Among the lines below, copy each one in which "bounds" appears.
*** Opening of ENTRIES SUPPLIED ***
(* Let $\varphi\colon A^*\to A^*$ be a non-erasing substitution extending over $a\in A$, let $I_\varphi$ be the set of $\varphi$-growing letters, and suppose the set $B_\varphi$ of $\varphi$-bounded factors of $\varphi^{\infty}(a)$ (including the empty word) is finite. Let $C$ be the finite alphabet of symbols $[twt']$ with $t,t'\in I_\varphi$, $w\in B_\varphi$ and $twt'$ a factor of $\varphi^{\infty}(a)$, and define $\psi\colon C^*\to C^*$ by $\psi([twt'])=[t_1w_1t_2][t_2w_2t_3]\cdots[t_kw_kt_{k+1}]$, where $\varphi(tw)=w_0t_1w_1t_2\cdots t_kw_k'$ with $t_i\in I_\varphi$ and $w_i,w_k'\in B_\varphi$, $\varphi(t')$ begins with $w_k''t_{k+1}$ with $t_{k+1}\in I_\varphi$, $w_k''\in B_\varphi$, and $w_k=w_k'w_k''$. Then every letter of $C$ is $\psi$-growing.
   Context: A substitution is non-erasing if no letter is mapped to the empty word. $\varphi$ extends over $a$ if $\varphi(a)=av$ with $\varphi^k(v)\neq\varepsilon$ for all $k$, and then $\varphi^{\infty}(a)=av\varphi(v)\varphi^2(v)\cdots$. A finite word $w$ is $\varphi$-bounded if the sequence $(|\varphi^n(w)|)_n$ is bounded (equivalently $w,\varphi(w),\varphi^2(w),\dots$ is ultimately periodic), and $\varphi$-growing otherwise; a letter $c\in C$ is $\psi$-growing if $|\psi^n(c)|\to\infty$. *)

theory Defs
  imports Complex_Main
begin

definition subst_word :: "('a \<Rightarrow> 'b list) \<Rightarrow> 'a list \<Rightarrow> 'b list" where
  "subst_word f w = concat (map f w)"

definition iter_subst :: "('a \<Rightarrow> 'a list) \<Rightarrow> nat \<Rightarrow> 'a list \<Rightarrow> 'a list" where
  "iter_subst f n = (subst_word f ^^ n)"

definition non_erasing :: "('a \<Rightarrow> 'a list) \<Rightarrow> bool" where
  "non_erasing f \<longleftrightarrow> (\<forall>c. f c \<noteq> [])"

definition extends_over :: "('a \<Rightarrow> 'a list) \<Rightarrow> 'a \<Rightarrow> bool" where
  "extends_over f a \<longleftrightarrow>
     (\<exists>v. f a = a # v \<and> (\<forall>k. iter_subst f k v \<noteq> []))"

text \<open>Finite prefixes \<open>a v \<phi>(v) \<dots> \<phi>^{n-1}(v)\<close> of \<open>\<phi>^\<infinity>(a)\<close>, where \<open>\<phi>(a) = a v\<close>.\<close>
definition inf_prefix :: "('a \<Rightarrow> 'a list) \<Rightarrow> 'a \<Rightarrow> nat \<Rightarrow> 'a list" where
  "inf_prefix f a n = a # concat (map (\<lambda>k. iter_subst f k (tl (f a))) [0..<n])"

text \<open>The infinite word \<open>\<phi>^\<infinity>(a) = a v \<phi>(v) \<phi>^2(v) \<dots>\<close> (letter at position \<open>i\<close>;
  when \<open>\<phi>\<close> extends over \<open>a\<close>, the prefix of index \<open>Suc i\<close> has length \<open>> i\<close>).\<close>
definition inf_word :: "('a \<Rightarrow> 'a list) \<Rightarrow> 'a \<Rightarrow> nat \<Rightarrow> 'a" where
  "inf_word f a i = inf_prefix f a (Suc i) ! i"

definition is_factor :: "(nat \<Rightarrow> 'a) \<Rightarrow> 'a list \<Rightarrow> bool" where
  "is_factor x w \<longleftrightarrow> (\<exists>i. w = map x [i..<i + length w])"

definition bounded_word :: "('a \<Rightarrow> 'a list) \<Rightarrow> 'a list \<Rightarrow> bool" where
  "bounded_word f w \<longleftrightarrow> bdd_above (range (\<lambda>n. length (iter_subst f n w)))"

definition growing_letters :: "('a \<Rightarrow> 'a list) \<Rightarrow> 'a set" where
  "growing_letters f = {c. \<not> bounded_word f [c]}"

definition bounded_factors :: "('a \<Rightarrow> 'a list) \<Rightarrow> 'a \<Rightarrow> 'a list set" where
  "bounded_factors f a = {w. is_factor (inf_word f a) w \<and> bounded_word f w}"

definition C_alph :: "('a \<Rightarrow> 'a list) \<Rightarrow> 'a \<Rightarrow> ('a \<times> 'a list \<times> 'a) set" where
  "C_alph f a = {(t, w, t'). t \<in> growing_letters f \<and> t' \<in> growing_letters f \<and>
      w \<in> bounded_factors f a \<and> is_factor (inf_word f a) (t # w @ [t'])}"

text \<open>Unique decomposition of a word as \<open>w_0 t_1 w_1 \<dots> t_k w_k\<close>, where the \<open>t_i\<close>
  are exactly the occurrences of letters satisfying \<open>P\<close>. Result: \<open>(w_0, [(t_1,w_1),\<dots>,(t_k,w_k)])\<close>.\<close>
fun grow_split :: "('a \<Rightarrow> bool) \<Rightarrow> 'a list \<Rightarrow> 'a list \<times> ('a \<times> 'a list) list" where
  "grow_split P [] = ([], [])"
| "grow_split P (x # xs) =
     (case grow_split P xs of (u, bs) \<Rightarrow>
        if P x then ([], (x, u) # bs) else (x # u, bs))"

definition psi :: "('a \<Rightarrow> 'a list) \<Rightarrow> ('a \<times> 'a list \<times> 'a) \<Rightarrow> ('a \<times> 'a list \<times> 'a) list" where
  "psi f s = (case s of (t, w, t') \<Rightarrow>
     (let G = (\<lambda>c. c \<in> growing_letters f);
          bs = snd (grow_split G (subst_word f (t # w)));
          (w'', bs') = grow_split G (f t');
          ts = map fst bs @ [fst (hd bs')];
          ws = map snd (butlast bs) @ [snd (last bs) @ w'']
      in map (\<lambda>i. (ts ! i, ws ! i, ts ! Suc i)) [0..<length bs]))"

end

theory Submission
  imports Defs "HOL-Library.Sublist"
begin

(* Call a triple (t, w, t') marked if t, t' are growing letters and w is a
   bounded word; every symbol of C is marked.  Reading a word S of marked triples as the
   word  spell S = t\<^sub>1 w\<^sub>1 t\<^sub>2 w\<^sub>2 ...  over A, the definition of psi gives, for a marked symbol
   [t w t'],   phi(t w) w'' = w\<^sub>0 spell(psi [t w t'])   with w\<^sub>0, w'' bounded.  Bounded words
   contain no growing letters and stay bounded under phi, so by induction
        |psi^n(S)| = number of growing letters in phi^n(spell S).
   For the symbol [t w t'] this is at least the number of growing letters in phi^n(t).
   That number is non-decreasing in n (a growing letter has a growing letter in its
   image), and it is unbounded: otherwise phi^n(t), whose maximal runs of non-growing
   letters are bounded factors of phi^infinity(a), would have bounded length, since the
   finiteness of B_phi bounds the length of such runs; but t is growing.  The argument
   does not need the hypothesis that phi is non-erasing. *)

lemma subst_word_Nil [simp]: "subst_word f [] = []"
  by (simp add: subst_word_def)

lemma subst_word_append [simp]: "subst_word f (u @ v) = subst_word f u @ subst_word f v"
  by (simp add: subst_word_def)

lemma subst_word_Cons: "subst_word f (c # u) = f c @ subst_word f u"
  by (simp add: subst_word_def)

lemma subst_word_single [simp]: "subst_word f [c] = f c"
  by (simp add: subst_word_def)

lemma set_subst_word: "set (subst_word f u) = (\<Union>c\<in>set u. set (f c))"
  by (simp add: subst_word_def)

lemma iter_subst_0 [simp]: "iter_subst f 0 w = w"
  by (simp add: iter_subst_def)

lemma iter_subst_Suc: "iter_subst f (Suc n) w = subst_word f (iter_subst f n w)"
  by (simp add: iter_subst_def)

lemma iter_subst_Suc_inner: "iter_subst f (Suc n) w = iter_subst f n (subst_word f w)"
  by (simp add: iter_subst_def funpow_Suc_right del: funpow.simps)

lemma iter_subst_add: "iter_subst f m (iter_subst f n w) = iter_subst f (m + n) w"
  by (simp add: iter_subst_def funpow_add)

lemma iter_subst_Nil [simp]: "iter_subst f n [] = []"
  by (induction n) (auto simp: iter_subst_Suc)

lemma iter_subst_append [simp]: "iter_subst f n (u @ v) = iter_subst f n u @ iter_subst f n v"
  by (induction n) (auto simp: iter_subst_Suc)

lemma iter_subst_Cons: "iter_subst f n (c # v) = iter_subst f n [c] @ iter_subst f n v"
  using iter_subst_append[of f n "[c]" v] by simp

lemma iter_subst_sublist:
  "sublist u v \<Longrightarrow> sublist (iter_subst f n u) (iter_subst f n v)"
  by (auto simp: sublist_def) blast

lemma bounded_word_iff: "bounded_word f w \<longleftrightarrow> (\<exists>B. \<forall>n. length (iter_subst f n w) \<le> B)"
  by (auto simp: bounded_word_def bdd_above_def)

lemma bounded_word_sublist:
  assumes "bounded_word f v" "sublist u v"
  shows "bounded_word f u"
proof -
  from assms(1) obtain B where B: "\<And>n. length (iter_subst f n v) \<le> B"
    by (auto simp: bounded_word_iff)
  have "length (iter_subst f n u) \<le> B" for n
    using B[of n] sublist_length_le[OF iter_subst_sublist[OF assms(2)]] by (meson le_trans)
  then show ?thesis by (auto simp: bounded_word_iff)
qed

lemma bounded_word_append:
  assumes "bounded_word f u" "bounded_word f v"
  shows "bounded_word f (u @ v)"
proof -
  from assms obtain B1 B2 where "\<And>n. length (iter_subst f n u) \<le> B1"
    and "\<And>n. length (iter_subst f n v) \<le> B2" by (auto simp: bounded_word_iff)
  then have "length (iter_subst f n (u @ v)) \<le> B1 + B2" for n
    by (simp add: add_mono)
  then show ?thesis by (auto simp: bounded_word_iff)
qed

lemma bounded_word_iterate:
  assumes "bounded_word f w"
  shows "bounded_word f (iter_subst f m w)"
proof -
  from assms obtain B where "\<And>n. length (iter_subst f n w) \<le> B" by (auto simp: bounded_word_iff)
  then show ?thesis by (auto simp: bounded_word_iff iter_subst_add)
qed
*** Close of ENTRIES SUPPLIED ***
*** Opening of ENTRIES SUPPLIED ***
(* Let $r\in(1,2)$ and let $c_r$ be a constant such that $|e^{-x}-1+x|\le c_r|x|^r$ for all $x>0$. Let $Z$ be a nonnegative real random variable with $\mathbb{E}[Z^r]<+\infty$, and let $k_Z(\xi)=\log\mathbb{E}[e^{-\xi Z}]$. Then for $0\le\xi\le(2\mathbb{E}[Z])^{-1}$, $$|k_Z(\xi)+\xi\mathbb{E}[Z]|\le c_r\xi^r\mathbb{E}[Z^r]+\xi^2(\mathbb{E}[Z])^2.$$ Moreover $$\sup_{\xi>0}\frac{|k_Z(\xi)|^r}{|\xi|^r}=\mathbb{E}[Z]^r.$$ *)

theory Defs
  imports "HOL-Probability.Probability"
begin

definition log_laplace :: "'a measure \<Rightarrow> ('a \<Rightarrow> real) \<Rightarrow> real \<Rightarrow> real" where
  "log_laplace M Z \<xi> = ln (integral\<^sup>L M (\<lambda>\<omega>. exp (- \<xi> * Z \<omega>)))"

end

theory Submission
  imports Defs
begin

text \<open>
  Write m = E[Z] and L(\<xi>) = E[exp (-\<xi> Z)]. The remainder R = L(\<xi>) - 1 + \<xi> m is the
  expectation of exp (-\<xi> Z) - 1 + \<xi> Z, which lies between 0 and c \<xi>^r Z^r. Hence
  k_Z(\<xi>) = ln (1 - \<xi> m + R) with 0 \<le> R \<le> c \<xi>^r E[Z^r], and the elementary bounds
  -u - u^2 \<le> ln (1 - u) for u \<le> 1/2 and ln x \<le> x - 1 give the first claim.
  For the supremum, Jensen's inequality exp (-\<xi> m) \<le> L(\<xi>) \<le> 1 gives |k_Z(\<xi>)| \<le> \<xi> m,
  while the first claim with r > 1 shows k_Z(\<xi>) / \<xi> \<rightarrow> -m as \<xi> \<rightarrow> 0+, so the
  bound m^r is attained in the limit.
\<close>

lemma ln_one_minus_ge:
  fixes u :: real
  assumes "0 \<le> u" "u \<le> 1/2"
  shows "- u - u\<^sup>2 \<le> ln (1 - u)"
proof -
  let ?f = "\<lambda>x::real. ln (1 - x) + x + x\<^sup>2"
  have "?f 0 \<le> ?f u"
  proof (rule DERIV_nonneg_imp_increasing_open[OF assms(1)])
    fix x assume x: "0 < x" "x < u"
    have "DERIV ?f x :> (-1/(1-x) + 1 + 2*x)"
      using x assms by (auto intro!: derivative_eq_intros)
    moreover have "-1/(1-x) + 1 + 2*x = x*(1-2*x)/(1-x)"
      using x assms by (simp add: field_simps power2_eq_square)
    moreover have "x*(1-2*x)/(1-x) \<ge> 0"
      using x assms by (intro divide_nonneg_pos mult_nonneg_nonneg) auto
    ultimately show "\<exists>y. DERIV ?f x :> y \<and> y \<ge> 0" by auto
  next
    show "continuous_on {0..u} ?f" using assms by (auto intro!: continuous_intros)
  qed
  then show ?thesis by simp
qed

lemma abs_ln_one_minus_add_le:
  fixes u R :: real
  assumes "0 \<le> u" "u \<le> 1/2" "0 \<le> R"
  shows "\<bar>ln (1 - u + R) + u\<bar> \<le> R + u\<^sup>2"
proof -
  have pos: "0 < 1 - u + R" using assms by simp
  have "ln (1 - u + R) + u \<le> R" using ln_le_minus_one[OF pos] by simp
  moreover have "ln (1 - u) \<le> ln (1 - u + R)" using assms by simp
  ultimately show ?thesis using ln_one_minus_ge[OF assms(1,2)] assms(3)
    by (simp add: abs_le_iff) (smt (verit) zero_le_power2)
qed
*** Close of ENTRIES SUPPLIED ***
§ SOLUTION TO THIS TASK
   finiteness of B_phi bounds the length of such runs; but t is growing.  The argument
  k_Z(\<xi>) = ln (1 - \<xi> m + R) with 0 \<le> R \<le> c \<xi>^r E[Z^r], and the elementary bounds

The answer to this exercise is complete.